Quindi, in perfetta sintonia con lo spirito che anima, da sempre, le battaglie e le iniziative del sindacato unitario dei giornalisti italiani, il procuratore Gratteri punta il dito contro le condizioni da fame con cui tante, troppe volte, chi ha scelto di fare dell’informazione il proprio “mestiere” si trova a dover affrontare. «So che ci sono tanti giornalisti – ha chiosato, con la sua schiettezza, il magistrato simbolo della lotta alla ’ndrangheta – che vengono pagati 10 euro ad articolo. Ecco, io credo che non si possa considerare quale opinionista credibile e degno di rispetto un professionista trattato in modo non credibile e rispettoso».

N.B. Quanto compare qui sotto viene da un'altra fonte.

text \<open>
  Let \<open>X\<^sub>n\<close> decrease to \<open>0\<close> almost surely with \<open>X\<^sub>0 \<le> C (Y\<^sup>* + 1)\<close>.
  For levels \<open>\<epsilon> > 0\<close> and \<open>a \<ge> 1\<close> one has pointwise
  \<open>X\<^sub>n \<le> \<epsilon> + C (a + 1) 1\<^bsub>B\<^sub>n\<^esub> + 2 C Y\<^sup>* 1\<^bsub>{Y\<^sup>* > a}\<^esub>\<close>, where
  \<open>B\<^sub>n\<close> is the event that \<open>X\<^sub>m > \<epsilon>\<close> for some \<open>m \<ge> n\<close>. The last term is
  small uniformly in \<open>Q\<close> by the uniform integrability hypothesis. The sets \<open>B\<^sub>n\<close> decrease to a \<open>P\<close>-null set,
  so \<open>Q(B\<^sub>n) \<rightarrow> 0\<close> for every \<open>Q\<close>; relative compactness of the range of
  \<open>\<mu>\<^sub>Q\<close> in \<open>l\<^sup>\<infinity>(Q)\<close> upgrades this to uniform convergence, because every
  uniform limit point of \<open>\<mu>\<^sub>Q(B\<^sub>n)\<close> must be the pointwise limit \<open>0\<close>.
\<close>

lemma compactin_funspace_pointwise_limit:
  fixes \<sigma> :: "nat \<Rightarrow> 'a \<Rightarrow> 'b"
  assumes K: "compactin (mtopology_of (funspace S m)) K" and \<sigma>: "range \<sigma> \<subseteq> K"
    and lim: "\<And>x. x \<in> S \<Longrightarrow> limitin (mtopology_of m) (\<lambda>k. \<sigma> k x) (g x) sequentially"
    and "e > 0"
  shows "\<exists>k. \<forall>x\<in>S. mdist m (\<sigma> k x) (g x) < e"
proof -
  interpret F: Metric_space "mspace (funspace S m)" "mdist (funspace S m)"
    by (rule Metric_space_mspace_mdist)
  interpret B: Metric_space "mspace m" "mdist m"
    by (rule Metric_space_mspace_mdist)
  obtain l r where "strict_mono r" and lim_r: "limitin F.mtopology (\<sigma> \<circ> r) l sequentially"
    using K \<sigma> unfolding mtopology_of_def F.compactin_sequentially by blast
  have l: "l \<in> mspace (funspace S m)"
    using F.limitin_mspace[OF lim_r] .
  have \<sigma>F: "\<sigma> k \<in> mspace (funspace S m)" for k
    using \<sigma> compactin_subset_topspace[OF K] by auto
  have close: "\<forall>\<^sub>F j in sequentially. mdist (funspace S m) (\<sigma> (r j)) l < \<epsilon>" if "\<epsilon> > 0" for \<epsilon>
    using lim_r that unfolding F.limitin_metric by (auto elim: eventually_mono)
  have pointwise: "mdist m (\<sigma> k x) (l x) \<le> mdist (funspace S m) (\<sigma> k) l" if "x \<in> S" for k x
    using funspace_mdist_le[OF \<sigma>F l, where a="mdist (funspace S m) (\<sigma> k) l"] that by auto
  have "l x = g x" if x: "x \<in> S" for x
  proof (rule B.limitin_metric_unique)
    show "limitin B.mtopology (\<lambda>j. \<sigma> (r j) x) (l x) sequentially"
      unfolding B.limitin_metric using funspace_imp_welldefined[OF l x] funspace_imp_welldefined[OF \<sigma>F x]
      by (auto elim!: eventually_mono[OF close] intro: le_less_trans[OF pointwise[OF x]])
    show "limitin B.mtopology (\<lambda>j. \<sigma> (r j) x) (g x) sequentially"
      using limitin_subsequence[OF \<open>strict_mono r\<close> lim[OF x]] by (simp add: o_def mtopology_of_def)
  qed simp
  moreover obtain j where "mdist (funspace S m) (\<sigma> (r j)) l < e"
    using eventually_happens'[OF _ close[OF \<open>e > 0\<close>]] by auto
  ultimately show ?thesis
    using pointwise by (metis le_less_trans)
qed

Lascia il microfono, Nicola Gratteri, non prima, però, di pungolare memoria e coscienze: «Ricordatevi che non si ruba perché si ha fame. La fame è un’altra cosa, non è per fame che si diventa criminali, mafiosi. Sono i valori con cui si cresce che fanno la differenza: bisogna educare i bambini, così pure i cittadini, la gente, le persone a quelli che sono i veri valori a cui ispirarsi». Quelli distorti sappiamo già da quale parte arrivano. (giornalistitalia.it)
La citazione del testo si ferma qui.